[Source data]
lemma growth_chain_Eev:
  assumes "max (width (growth_chain \<sigma> j)) (height (growth_chain \<sigma> j)) = Bpar p - Apar p"
    and "min (width (growth_chain \<sigma> j)) (height (growth_chain \<sigma> j)) \<le> Apar p"
  shows "Eev p \<sigma>"
proof -
  have "is_rect (growth_chain \<sigma> j)" "(0,0) \<in> rect_set (growth_chain \<sigma> j)"
    using growth_chain_grow_step by blast+
  moreover have "1 \<le> width (growth_chain \<sigma> j)" "1 \<le> height (growth_chain \<sigma> j)"
    using calculation(1) by (auto simp: is_rect_def width_def height_def split: prod.splits)
  ultimately show ?thesis
    unfolding Eev_def using assms growth_chain_Gev
    by (intro exI[of _ "growth_chain \<sigma> j"]) (auto simp: max_def min_def split: if_splits)
qed

lemma growth_chain_good_seq:
  fixes idx :: "nat \<Rightarrow> nat"
  defines "R i \<equiv> growth_chain \<sigma> (idx i)"
  assumes "1 \<le> n" and "min (width (R 1)) (height (R 1)) = Apar p"
    and "width (R n) + height (R n) \<le> Bpar p" and "Bpar p < width (R (Suc n)) + height (R (Suc n))"
    and steps: "\<forall>i\<in>{1..n}. idx i < idx (Suc i) \<and>
      good_step (sqrt (qpar p)) (width (R i)) (height (R i)) (width (R (Suc i))) (height (R (Suc i)))"
  shows "good_seq p n R \<and> Gev \<sigma> (R 1) \<and> (\<forall>i\<in>{1..n}. Dev \<sigma> (R i) (R (Suc i)))"
proof -
  have nested: "rect_set (R i) \<subseteq> rect_set (R (Suc i)) \<and> bridged \<sigma> (R i) (R (Suc i))" if "i \<in> {1..n}" for i
    using steps that growth_chain_mono_bridged unfolding R_def by (simp add: less_imp_le)
  have "good_seq p n R"
    unfolding good_seq_def
  proof (intro conjI)
    show "\<forall>i\<in>{1..n + 1}. is_rect (R i)" "(0,0) \<in> rect_set (R 1)"
      using growth_chain_grow_step unfolding R_def by blast+
    show "\<forall>i\<in>{1..n}. rect_set (R i) \<subseteq> rect_set (R (Suc i))" using nested by blast
    show "\<forall>i\<in>{1..n}. let a = real_of_int (width (R i)); b = real_of_int (height (R i));
        s = real_of_int (width (R (Suc i)) - width (R i));
        t = real_of_int (height (R (Suc i)) - height (R i)) in
        (s \<ge> a * sqrt (qpar p) \<or> t \<ge> b * sqrt (qpar p)) \<and>
        s < a * sqrt (qpar p) + 4 \<and> t < b * sqrt (qpar p) + 4"
      using steps unfolding good_step_def Let_def by blast
  qed (use assms(2-5) in auto)
  then show ?thesis
    using nested bridged_imp_Dev growth_chain_Gev unfolding R_def by blast
qed

end

theorem lemma4:
  fixes p :: real and \<sigma> :: config
  assumes "0 < p" "p < 1/10"
    and "\<sigma> (0,0) = Active \<or> \<sigma> (0,0) = Empty"
    and "\<forall>x. x \<noteq> (0,0) \<longrightarrow> \<sigma> x = Occupied \<or> \<sigma> x = Empty"
    and "indefinite_growth \<sigma>"
  shows "Eev p \<sigma> \<or>
    (\<exists>n R. good_seq p n R \<and> Gev \<sigma> (R 1) \<and> (\<forall>i\<in>{1..n}. Dev \<sigma> (R i) (R (Suc i))))"
proof -
  have seed: "\<forall>x. x \<noteq> (0,0) \<longrightarrow> \<sigma> x \<noteq> Active"
    using assms(4) by (metis state.distinct(3) state.distinct(5))
  let ?a = "\<lambda>j. width (growth_chain \<sigma> j)" and ?b = "\<lambda>j. height (growth_chain \<sigma> j)"
  have "?a 0 = 1" "?b 0 = 1" by (simp_all add: width_def height_def)
  then consider
      j where "max (?a j) (?b j) = Bpar p - Apar p" "min (?a j) (?b j) \<le> Apar p"
    | n idx where "1 \<le> n" "min (?a (idx 1)) (?b (idx 1)) = Apar p"
        "?a (idx n) + ?b (idx n) \<le> Bpar p" "Bpar p < ?a (idx (Suc n)) + ?b (idx (Suc n))"
        "\<forall>i\<in>{1..n}. idx i < idx (Suc i) \<and>
           good_step (sqrt (qpar p)) (?a (idx i)) (?b (idx i)) (?a (idx (Suc i))) (?b (idx (Suc i)))"
    using dimension_walk_dichotomy[of ?a ?b "Apar p" "Bpar p" "sqrt (qpar p)"]
      growth_chain_unit_steps[OF assms(5) seed] growth_chain_perimeter_grows[OF assms(5) seed]
      parameter_bounds[OF assms(1,2)]
    by blast
  then show ?thesis
  proof cases
    case 1
    then show ?thesis using growth_chain_Eev[OF assms(5) seed] by blast
  next
    case 2
    then show ?thesis using growth_chain_good_seq[OF assms(5) seed] by blast
  qed
qed

end
(* With $\chi=1$ the trivial character, the restriction maps $j_1:\mathcal S^*(\overline{\mathcal O}_1)^{\chi}\to\mathcal S^*(\mathcal O_1)^{\chi}$ and $j_1':\mathcal S^*(\overline{\mathcal O}_1)^{\chi,\infty}\to\mathcal S^*(\mathcal O_1)^{\chi,\infty}$ are isomorphisms.
   Context: $F$ nonarchimedean local field of characteristic $0$, $G=G'=\mathrm{GL}_2(F)$ acting on $M_2:=M_{2\times2}(F)$ by $(g_1,g_2)\cdot M=g_1Mg_2^{-1}$. Let $\mathcal O_i\subset M_2$ be the set of matrices of rank $i$; $\overline{\mathcal O}_1=\mathcal O_1\cup\{0\}$. For a $G\times G'$-stable locally closed $X\subset M_2$, $\mathcal S(X)$ is the space of locally constant compactly supported functions on $X$ with $((g_1,g_2)f)(M)=f(g_1^{-1}Mg_2)$, and $\mathcal S^*(X)$ is its algebraic dual with the contragredient action. For a character $\chi$ of $G$, $\mathcal S^*(X)^\chi$ is the space of $G$-invariant vectors in $\mathcal S^*(X)\otimes(|\det|\boxtimes|\det|^{-1})\otimes\chi^{-1}$ (here $G$ is the first factor). A vector $v$ in a representation $V$ of $G$ is generalized $\chi$-invariant if there is $k\ge0$ with $(g_0-\chi(g_0))(g_1-\chi(g_1))\cdots(g_k-\chi(g_k))v=0$ for all $g_0,\dots,g_k\in G$; $\mathcal S^*(X)^{\chi,\infty}$ is the space of generalized $(G,\chi)$-invariant vectors in $\mathcal S^*(X)\otimes(|\det|\boxtimes|\det|^{-1})$. The maps $j_1,j_1'$ are induced by restriction of distributions from the closed set $\overline{\mathcal O}_1$ to its open subset $\mathcal O_1$. *)

theory Defs
  imports "HOL-Analysis.Analysis"
begin

text \<open>Nonarchimedean local fields of characteristic 0, presented as a field of
characteristic 0 (type class field_char_0) together with its normalized absolute value.\<close>

definition nonarch_abs :: "('a::field \<Rightarrow> real) \<Rightarrow> bool" where
  "nonarch_abs absF \<longleftrightarrow>
     absF 0 = 0 \<and> (\<forall>x. x \<noteq> 0 \<longrightarrow> absF x > 0) \<and>
     (\<forall>x y. absF (x * y) = absF x * absF y) \<and>
     (\<forall>x y. absF (x + y) \<le> max (absF x) (absF y)) \<and>
     (\<exists>x. absF x \<noteq> 0 \<and> absF x \<noteq> 1)"

text \<open>Local compactness (and completeness): the closed unit ball (ring of integers)
is (sequentially) compact for the metric induced by the absolute value.\<close>
definition nonarch_local_field :: "('a::field \<Rightarrow> real) \<Rightarrow> bool" where
  "nonarch_local_field absF \<longleftrightarrow> nonarch_abs absF \<and>
     (\<forall>s::nat \<Rightarrow> _. (\<forall>n. absF (s n) \<le> 1) \<longrightarrow>
        (\<exists>r l. strict_mono r \<and> absF l \<le> 1 \<and> (\<lambda>n. absF (s (r n) - l)) \<longlonglongrightarrow> 0))"

text \<open>Normalization: the absolute value of a uniformizer is q^{-1}, where q is the
cardinality of the residue field (R is a set of residue representatives).\<close>
definition normalized_abs :: "('a::field \<Rightarrow> real) \<Rightarrow> bool" where
  "normalized_abs absF \<longleftrightarrow>
     (\<exists>w R. absF w < 1 \<and> (\<forall>x. absF x < 1 \<longrightarrow> absF x \<le> absF w) \<and>
        finite R \<and> (\<forall>x\<in>R. absF x \<le> 1) \<and>
        (\<forall>x\<in>R. \<forall>y\<in>R. x \<noteq> y \<longrightarrow> absF (x - y) = 1) \<and>
        (\<forall>x. absF x \<le> 1 \<longrightarrow> (\<exists>y\<in>R. absF (x - y) < 1)) \<and>
        absF w = 1 / real (card R))"

type_synonym 'a mat2 = "'a ^ 2 ^ 2"

definition GL2 :: "'a::field mat2 set" where
  "GL2 = {g. det g \<noteq> 0}"

definition O1 :: "'a::field mat2 set" where
  "O1 = {M. M \<noteq> 0 \<and> det M = 0}"

definition O1bar :: "'a::field mat2 set" where
  "O1bar = {M. det M = 0}"

definition mclose :: "('a \<Rightarrow> real) \<Rightarrow> real \<Rightarrow> 'a::field mat2 \<Rightarrow> 'a mat2 \<Rightarrow> bool" where
  "mclose absF e N M \<longleftrightarrow> (\<forall>i j. absF (N $ i $ j - M $ i $ j) < e)"

definition seq_compact_in :: "('a::field \<Rightarrow> real) \<Rightarrow> 'a mat2 set \<Rightarrow> bool" where
  "seq_compact_in absF K \<longleftrightarrow>
     (\<forall>s::nat \<Rightarrow> _. (\<forall>n. s n \<in> K) \<longrightarrow>
        (\<exists>r L. strict_mono r \<and> L \<in> K \<and>
           (\<forall>i j. (\<lambda>n. absF (s (r n) $ i $ j - L $ i $ j)) \<longlonglongrightarrow> 0)))"

text \<open>S(X): locally constant compactly supported functions on X, represented as
functions on M_2 vanishing outside X.\<close>
definition SX :: "('a::field \<Rightarrow> real) \<Rightarrow> 'a mat2 set \<Rightarrow> ('a mat2 \<Rightarrow> complex) set" where
  "SX absF X = {f. (\<forall>M. M \<notin> X \<longrightarrow> f M = 0) \<and>
       (\<forall>M\<in>X. \<exists>e>0. \<forall>N\<in>X. mclose absF e N M \<longrightarrow> f N = f M) \<and>
       (\<exists>K. K \<subseteq> X \<and> seq_compact_in absF K \<and> {M. f M \<noteq> 0} \<subseteq> K)}"

text \<open>S*(X): algebraic dual (complex-linear functionals on S(X)), normalized to be 0
off S(X).\<close>
definition SdualX :: "('a::field \<Rightarrow> real) \<Rightarrow> 'a mat2 set \<Rightarrow> (('a mat2 \<Rightarrow> complex) \<Rightarrow> complex) set" where
  "SdualX absF X = {\<xi>. (\<forall>f. f \<notin> SX absF X \<longrightarrow> \<xi> f = 0) \<and>
       (\<forall>f\<in>SX absF X. \<forall>h\<in>SX absF X. \<forall>c a. \<xi> (\<lambda>M. c * f M + a * h M) = c * \<xi> f + a * \<xi> h)}"

text \<open>Action of g in the first factor G on S*(X) tensor (|det| boxtimes |det|^{-1}):
(g xi)(f) = |det g| * xi((g,1)^{-1} f), where ((g,1)^{-1} f)(M) = f(g M).\<close>
definition act1 :: "('a::field \<Rightarrow> real) \<Rightarrow> 'a mat2 set \<Rightarrow> 'a mat2 \<Rightarrow>
    (('a mat2 \<Rightarrow> complex) \<Rightarrow> complex) \<Rightarrow> (('a mat2 \<Rightarrow> complex) \<Rightarrow> complex)" where
  "act1 absF X g \<xi> = (\<lambda>f. if f \<in> SX absF X
       then complex_of_real (absF (det g)) * \<xi> (\<lambda>M. f (g ** M)) else 0)"

definition Sinv :: "('a::field \<Rightarrow> real) \<Rightarrow> 'a mat2 set \<Rightarrow> (('a mat2 \<Rightarrow> complex) \<Rightarrow> complex) set" where
  "Sinv absF X = {\<xi>\<in>SdualX absF X. \<forall>g\<in>GL2. act1 absF X g \<xi> = \<xi>}"

fun iter_diff :: "('a::field \<Rightarrow> real) \<Rightarrow> 'a mat2 set \<Rightarrow> 'a mat2 list \<Rightarrow>
    (('a mat2 \<Rightarrow> complex) \<Rightarrow> complex) \<Rightarrow> (('a mat2 \<Rightarrow> complex) \<Rightarrow> complex)" where
  "iter_diff absF X [] \<xi> = \<xi>"
| "iter_diff absF X (g # gs) \<xi> =
     (\<lambda>f. act1 absF X g (iter_diff absF X gs \<xi>) f - iter_diff absF X gs \<xi> f)"

definition Sgeninv :: "('a::field \<Rightarrow> real) \<Rightarrow> 'a mat2 set \<Rightarrow> (('a mat2 \<Rightarrow> complex) \<Rightarrow> complex) set" where
  "Sgeninv absF X = {\<xi>\<in>SdualX absF X. \<exists>k::nat. \<forall>gs. length gs = Suc k \<and> set gs \<subseteq> GL2 \<longrightarrow>
       iter_diff absF X gs \<xi> = (\<lambda>f. 0)}"

text \<open>Restriction of distributions from O1bar to its open subset O1 (dual of extension
by zero S(O1) \<rightarrow> S(O1bar)).\<close>
definition restr1 :: "('a::field \<Rightarrow> real) \<Rightarrow> (('a mat2 \<Rightarrow> complex) \<Rightarrow> complex) \<Rightarrow>
    (('a mat2 \<Rightarrow> complex) \<Rightarrow> complex)" where
  "restr1 absF \<xi> = (\<lambda>f. if f \<in> SX absF O1 then \<xi> f else 0)"

end

(*
  A distribution on O1bar whose restriction to O1 vanishes is a multiple of the evaluation
  delta0 at the origin, and GL2 acts on delta0 by the character |det g|, not trivially. Taking
  a central z with |det z| <> 1, the operator (z - 1)^n multiplies delta0 by (|det z| - 1)^n,
  which is nonzero; hence a generalized invariant distribution that vanishes on O1 vanishes,
  and restriction is injective. For surjectivity, a distribution xi on O1 extends to O1bar by
  f |-> xi (f - f 0 * bump), with bump the indicator of the integral matrices of rank at most
  one, and this extension is then corrected by a multiple of delta0.
*)
theory Submission
  imports Defs "HOL-Library.Infinite_Set"
begin

section \<open>Matrices\<close>

lemma mclose_min [simp]:
  "mclose absF (min d e) N M \<longleftrightarrow> mclose absF d N M \<and> mclose absF e N M"
  unfolding mclose_def by auto

lemma mat_matrix_mult: "mat t ** A = (\<chi> i j. t * A $ i $ j)"
  for A :: "'a::semiring_1 ^ 'n ^ 'm"
  unfolding matrix_matrix_mult_def mat_def
  by (auto simp: if_distrib if_distribR sum.delta'[OF finite] cong: if_cong)

lemma matrix_mat_mult: "A ** mat t = (\<chi> i j. A $ i $ j * t)"
  for A :: "'a::semiring_1 ^ 'n ^ 'm"
  unfolding matrix_matrix_mult_def mat_def
  by (auto simp: if_distrib if_distribR sum.delta'[OF finite] cong: if_cong)

lemma mat_matrix_mult_commute: "mat t ** A = A ** mat t"
  for A :: "'a::comm_semiring_1 ^ 'n ^ 'n"
  by (simp add: mat_matrix_mult matrix_mat_mult mult.commute)

definition GL2_stable :: "'a::field mat2 set \<Rightarrow> bool" where
  "GL2_stable X \<longleftrightarrow> (\<forall>g\<in>GL2. \<forall>M. g ** M \<in> X \<longleftrightarrow> M \<in> X)"

lemma GL2_inverse:
  assumes "g \<in> GL2"
  obtains B :: "'a::field mat2" where "B ** g = mat 1" "g ** B = mat 1"
  using assms unfolding GL2_def invertible_det_nz[symmetric] invertible_def by blast

lemma GL2_stable_O1bar: "GL2_stable O1bar"
  unfolding GL2_stable_def O1bar_def GL2_def by (simp add: det_mul)

lemma GL2_stable_O1: "GL2_stable O1"
  unfolding GL2_stable_def
proof (intro ballI allI)
  fix g M :: "'a mat2"
  assume g: "g \<in> GL2"
  then obtain B where "B ** g = mat 1" by (rule GL2_inverse)
  then have "M = B ** (g ** M)"
    by (simp add: matrix_mul_assoc)
  then have "g ** M = 0 \<longleftrightarrow> M = 0"
    by force
  then show "g ** M \<in> O1 \<longleftrightarrow> M \<in> O1"
    using g unfolding GL2_def O1_def by (simp add: det_mul)
qed

lemma O1_subset_O1bar: "O1 \<subseteq> O1bar"
  unfolding O1_def O1bar_def by auto

lemma zero_in_O1bar: "0 \<in> O1bar"
  unfolding O1bar_def by (simp add: det_2)

lemma zero_notin_O1: "0 \<notin> O1"
  unfolding O1_def by simp

section \<open>Nonarchimedean absolute values\<close>

locale nonarch_valued_field =
  fixes absF :: "'a::field \<Rightarrow> real"
  assumes nonarch_abs: "nonarch_abs absF"
begin

lemma absF_0 [simp]: "absF 0 = 0"
  using nonarch_abs by (simp add: nonarch_abs_def)

lemma absF_pos: "x \<noteq> 0 \<Longrightarrow> 0 < absF x"
  using nonarch_abs by (simp add: nonarch_abs_def)

lemma absF_mult: "absF (x * y) = absF x * absF y"
  using nonarch_abs by (simp add: nonarch_abs_def)

lemma absF_ultrametric: "absF (x + y) \<le> max (absF x) (absF y)"
  using nonarch_abs by (simp add: nonarch_abs_def)

lemma absF_nontrivial: "\<exists>x. absF x \<noteq> 0 \<and> absF x \<noteq> 1"
  using nonarch_abs by (simp add: nonarch_abs_def)

lemma absF_nonneg [simp]: "0 \<le> absF x"
  by (cases "x = 0") (auto dest: absF_pos)

lemma absF_eq_0_iff [simp]: "absF x = 0 \<longleftrightarrow> x = 0"
  using absF_pos by fastforce

lemma absF_minus [simp]: "absF (- x) = absF x"
proof -
  have "absF (- x) * absF (- x) = absF x * absF x"
    by (simp flip: absF_mult)
  then show ?thesis
    by (metis absF_nonneg power2_eq_imp_eq power2_eq_square)
qed

lemma absF_minus_commute: "absF (x - y) = absF (y - x)"
  by (metis absF_minus minus_diff_eq)

lemma absF_triangle: "absF (x + y) \<le> absF x + absF y"
  using absF_ultrametric[of x y] absF_nonneg[of x] absF_nonneg[of y] by linarith

lemma absF_diff_triangle: "absF (x - z) \<le> absF (x - y) + absF (y - z)"
  using absF_triangle[of "x - y" "y - z"] by simp

lemma absF_le_1_cong:
  assumes "absF (x - y) < 1"
  shows "absF x \<le> 1 \<longleftrightarrow> absF y \<le> 1"
proof -
  have "absF x \<le> max (absF (x - y)) (absF y)"
    using absF_ultrametric[of "x - y" y] by simp
  moreover have "absF y \<le> max (absF (x - y)) (absF x)"
    using absF_ultrametric[of "y - x" x] absF_minus_commute[of x y] by simp
  ultimately show ?thesis
    using assms by auto
qed

lemma absF_sum_le: "absF (sum f S) \<le> (\<Sum>i\<in>S. absF (f i))"
proof (induction S rule: infinite_finite_induct)
  case (insert x F)
  then show ?case using absF_triangle[of "f x" "sum f F"] by simp
qed simp_all

definition abs_tendsto :: "(nat \<Rightarrow> 'a) \<Rightarrow> 'a \<Rightarrow> bool" where
  "abs_tendsto s l \<longleftrightarrow> (\<lambda>n. absF (s n - l)) \<longlonglongrightarrow> 0"

lemma abs_tendsto_by_bound:
  assumes "\<And>n. absF (s n - l) \<le> g n" "g \<longlonglongrightarrow> 0"
  shows "abs_tendsto s l"
  unfolding abs_tendsto_def by (rule Lim_null_comparison[OF _ assms(2)]) (use assms(1) in auto)

lemma abs_tendsto_unique:
  assumes "abs_tendsto s l" "abs_tendsto s l'"
  shows "l = l'"
proof -
  have "absF (l - l') \<le> absF (s n - l) + absF (s n - l')" for n
    using absF_triangle[of "l - s n" "s n - l'"] by (simp add: absF_minus_commute)
  moreover have "(\<lambda>n. absF (s n - l) + absF (s n - l')) \<longlonglongrightarrow> 0"
    using assms tendsto_add_zero unfolding abs_tendsto_def by blast
  ultimately have "absF (l - l') \<le> 0"
    by (intro tendsto_le[OF trivial_limit_sequentially _ tendsto_const]) auto
  then show ?thesis
    by (metis absF_eq_0_iff absF_nonneg antisym eq_iff_diff_eq_0)
qed
(* Let $G$ be a simple cubic graph on vertex set $[n]$ with girth at least $5$, let $A$ be a MAI set of $G$ and $B=V(G)\setminus A$, and let $Y$ (resp. $Z$) be the set of vertices of degree $1$ in $G[A]$ (resp. in $G[B]$). Then (i) each vertex of $Z$ has at most one neighbour in $Y$; (ii) each vertex of $Y$ has at most one neighbour in $Z$.
   Context: A vertex set $A$ of a graph $G$ is an AI set (almost independent set) if $\Delta(G[A])\le 1$, i.e. every component of the induced subgraph $G[A]$ is a single vertex or a single edge. A vertex set $A$ is a MAI set (maximum almost independent set) of $G$ if (M1) $A$ is an AI set, (M2) $A$ contains an independent set of size $\alpha(G)$, and (M3) $A$ has maximum cardinality among all vertex sets satisfying (M1) and (M2). $\alpha(G)$ is the independence number of $G$. *)

theory Defs
  imports Main
begin

definition simple_graph :: "nat set \<Rightarrow> (nat \<Rightarrow> nat \<Rightarrow> bool) \<Rightarrow> bool" where
  "simple_graph V E \<longleftrightarrow> finite V \<and> (\<forall>u v. E u v \<longrightarrow> u \<in> V \<and> v \<in> V) \<and>
     (\<forall>u v. E u v \<longrightarrow> E v u) \<and> (\<forall>v. \<not> E v v)"

definition nbrs :: "(nat \<Rightarrow> nat \<Rightarrow> bool) \<Rightarrow> nat set \<Rightarrow> nat \<Rightarrow> nat set" where
  "nbrs E S v = {u \<in> S. E v u}"

definition cubic :: "nat set \<Rightarrow> (nat \<Rightarrow> nat \<Rightarrow> bool) \<Rightarrow> bool" where
  "cubic V E \<longleftrightarrow> (\<forall>v \<in> V. card (nbrs E V v) = 3)"

definition girth_ge_5 :: "nat set \<Rightarrow> (nat \<Rightarrow> nat \<Rightarrow> bool) \<Rightarrow> bool" where
  "girth_ge_5 V E \<longleftrightarrow>
     (\<forall>a b c. \<not> (E a b \<and> E b c \<and> E c a)) \<and>
     (\<forall>a b c d. distinct [a, b, c, d] \<longrightarrow> \<not> (E a b \<and> E b c \<and> E c d \<and> E d a))"

definition indep_set :: "nat set \<Rightarrow> (nat \<Rightarrow> nat \<Rightarrow> bool) \<Rightarrow> nat set \<Rightarrow> bool" where
  "indep_set V E I \<longleftrightarrow> I \<subseteq> V \<and> (\<forall>u \<in> I. \<forall>v \<in> I. \<not> E u v)"

definition indep_number :: "nat set \<Rightarrow> (nat \<Rightarrow> nat \<Rightarrow> bool) \<Rightarrow> nat" where
  "indep_number V E = Max (card ` {I. indep_set V E I})"

definition ai_set :: "nat set \<Rightarrow> (nat \<Rightarrow> nat \<Rightarrow> bool) \<Rightarrow> nat set \<Rightarrow> bool" where
  "ai_set V E A \<longleftrightarrow> A \<subseteq> V \<and> (\<forall>v \<in> A. card (nbrs E A v) \<le> 1)"

definition ai_with_max_indep :: "nat set \<Rightarrow> (nat \<Rightarrow> nat \<Rightarrow> bool) \<Rightarrow> nat set \<Rightarrow> bool" where
  "ai_with_max_indep V E A \<longleftrightarrow> ai_set V E A \<and>
     (\<exists>I \<subseteq> A. indep_set V E I \<and> card I = indep_number V E)"

definition mai_set :: "nat set \<Rightarrow> (nat \<Rightarrow> nat \<Rightarrow> bool) \<Rightarrow> nat set \<Rightarrow> bool" where
  "mai_set V E A \<longleftrightarrow> ai_with_max_indep V E A \<and>
     (\<forall>A'. ai_with_max_indep V E A' \<longrightarrow> card A' \<le> card A)"

end

theory Submission
  imports Defs
begin

text \<open>Within a maximum independent set contained in the MAI set A, a vertex y of degree 1 in G[A]
  can be exchanged for its partner; repeating this, a maximum independent set in A can be made to
  avoid any independent set S of such vertices. Consequently (a) no vertex of B has all its
  A-neighbours in such an S, since it could be added to the independent set, and (b) no AI set
  containing A - S can be larger than A. For z in Z, cubicity gives exactly two A-neighbours, so
  (i) follows from (a) and triangle-freeness. For (ii), if y in Y had two neighbours z1, z2 in Z,
  the other A-neighbours a1, a2 of z1, z2 are isolated in G[A] by (a), distinct by the absence of
  4-cycles, and replacing y by z1, z2 yields an AI set contradicting (b).\<close>

lemma card_le_1_if_subset_singleton: "S \<subseteq> {x} \<Longrightarrow> card S \<le> 1"
  by (auto dest: subset_singletonD)

lemma card_le_1_if_unique: "(\<And>a b. a \<in> S \<Longrightarrow> b \<in> S \<Longrightarrow> a = b) \<Longrightarrow> card S \<le> 1"
  by (cases "finite S") (auto simp: card_le_Suc0_iff_eq)

lemma indep_set_card_le_indep_number:
  assumes "finite V" "indep_set V E I"
  shows "card I \<le> indep_number V E"
proof -
  have "{I. indep_set V E I} \<subseteq> Pow V" by (auto simp: indep_set_def)
  then have "finite {I. indep_set V E I}" using assms(1) by (meson finite_Pow_iff finite_subset)
  then show ?thesis unfolding indep_number_def using assms(2) by auto
qed

locale sgraph =
  fixes V :: "nat set" and E :: "nat \<Rightarrow> nat \<Rightarrow> bool"
  assumes simple: "simple_graph V E"
begin

lemma finite_V: "finite V"
  using simple by (simp add: simple_graph_def)

lemma edge_sym: "E u v \<Longrightarrow> E v u"
  using simple by (simp add: simple_graph_def)

lemma edge_irrefl: "\<not> E v v"
  using simple by (simp add: simple_graph_def)

lemma finite_nbrs: "S \<subseteq> V \<Longrightarrow> finite (nbrs E S v)"
  by (rule finite_subset[OF _ finite_V]) (auto simp: nbrs_def)

lemma indep_set_pair: "u \<in> V \<Longrightarrow> v \<in> V \<Longrightarrow> \<not> E u v \<Longrightarrow> indep_set V E {u, v}"
  by (auto simp: indep_set_def edge_irrefl dest: edge_sym)

lemma indep_set_insert:
  assumes "indep_set V E I" "p \<in> V" "\<And>u. u \<in> I \<Longrightarrow> \<not> E p u"
  shows "indep_set V E (insert p I)"
  using assms edge_irrefl edge_sym unfolding indep_set_def by blast

lemma ai_set_subset:
  assumes "ai_set V E A" "A' \<subseteq> A"
  shows "ai_set V E A'"
  unfolding ai_set_def
proof (intro conjI ballI)
  show "A' \<subseteq> V" using assms by (auto simp: ai_set_def)
  fix v assume "v \<in> A'"
  have "card (nbrs E A' v) \<le> card (nbrs E A v)"
    using assms finite_nbrs by (intro card_mono) (auto simp: ai_set_def nbrs_def)
  also have "\<dots> \<le> 1" using assms \<open>v \<in> A'\<close> by (auto simp: ai_set_def)
  finally show "card (nbrs E A' v) \<le> 1" .
qed

lemma ai_set_insert_pendant:
  assumes "ai_set V E A" "z \<in> V" "nbrs E A z \<subseteq> {a}" "nbrs E A a = {}"
  shows "ai_set V E (insert z A)"
  unfolding ai_set_def
proof (intro conjI ballI)
  show "insert z A \<subseteq> V" using assms(1,2) by (auto simp: ai_set_def)
  have z_nbr: "v = a" if "v \<in> A" "E v z" for v
    using assms(3) that(1) edge_sym[OF that(2)] by (auto simp: nbrs_def)
  fix v assume v: "v \<in> insert z A"
  consider "v = z" | "v = a" | "v \<in> A" "v \<noteq> a" "v \<noteq> z" using v by blast
  then show "card (nbrs E (insert z A) v) \<le> 1"
  proof cases
    case 1
    then have "nbrs E (insert z A) v \<subseteq> {a}" using assms(3) edge_irrefl by (auto simp: nbrs_def)
    then show ?thesis by (rule card_le_1_if_subset_singleton)
  next
    case 2
    then have "nbrs E (insert z A) v \<subseteq> {z}" using assms(4) by (auto simp: nbrs_def)
    then show ?thesis by (rule card_le_1_if_subset_singleton)
  next
    case 3
    then have "nbrs E (insert z A) v = nbrs E A v" using z_nbr by (auto simp: nbrs_def)
    then show ?thesis using assms(1) 3 by (simp add: ai_set_def)
  qed
qed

Aim of the exercise >> In how many lines of the entries does "algebraic" appear? Reply with only the number.

Answer to the exercise >> 2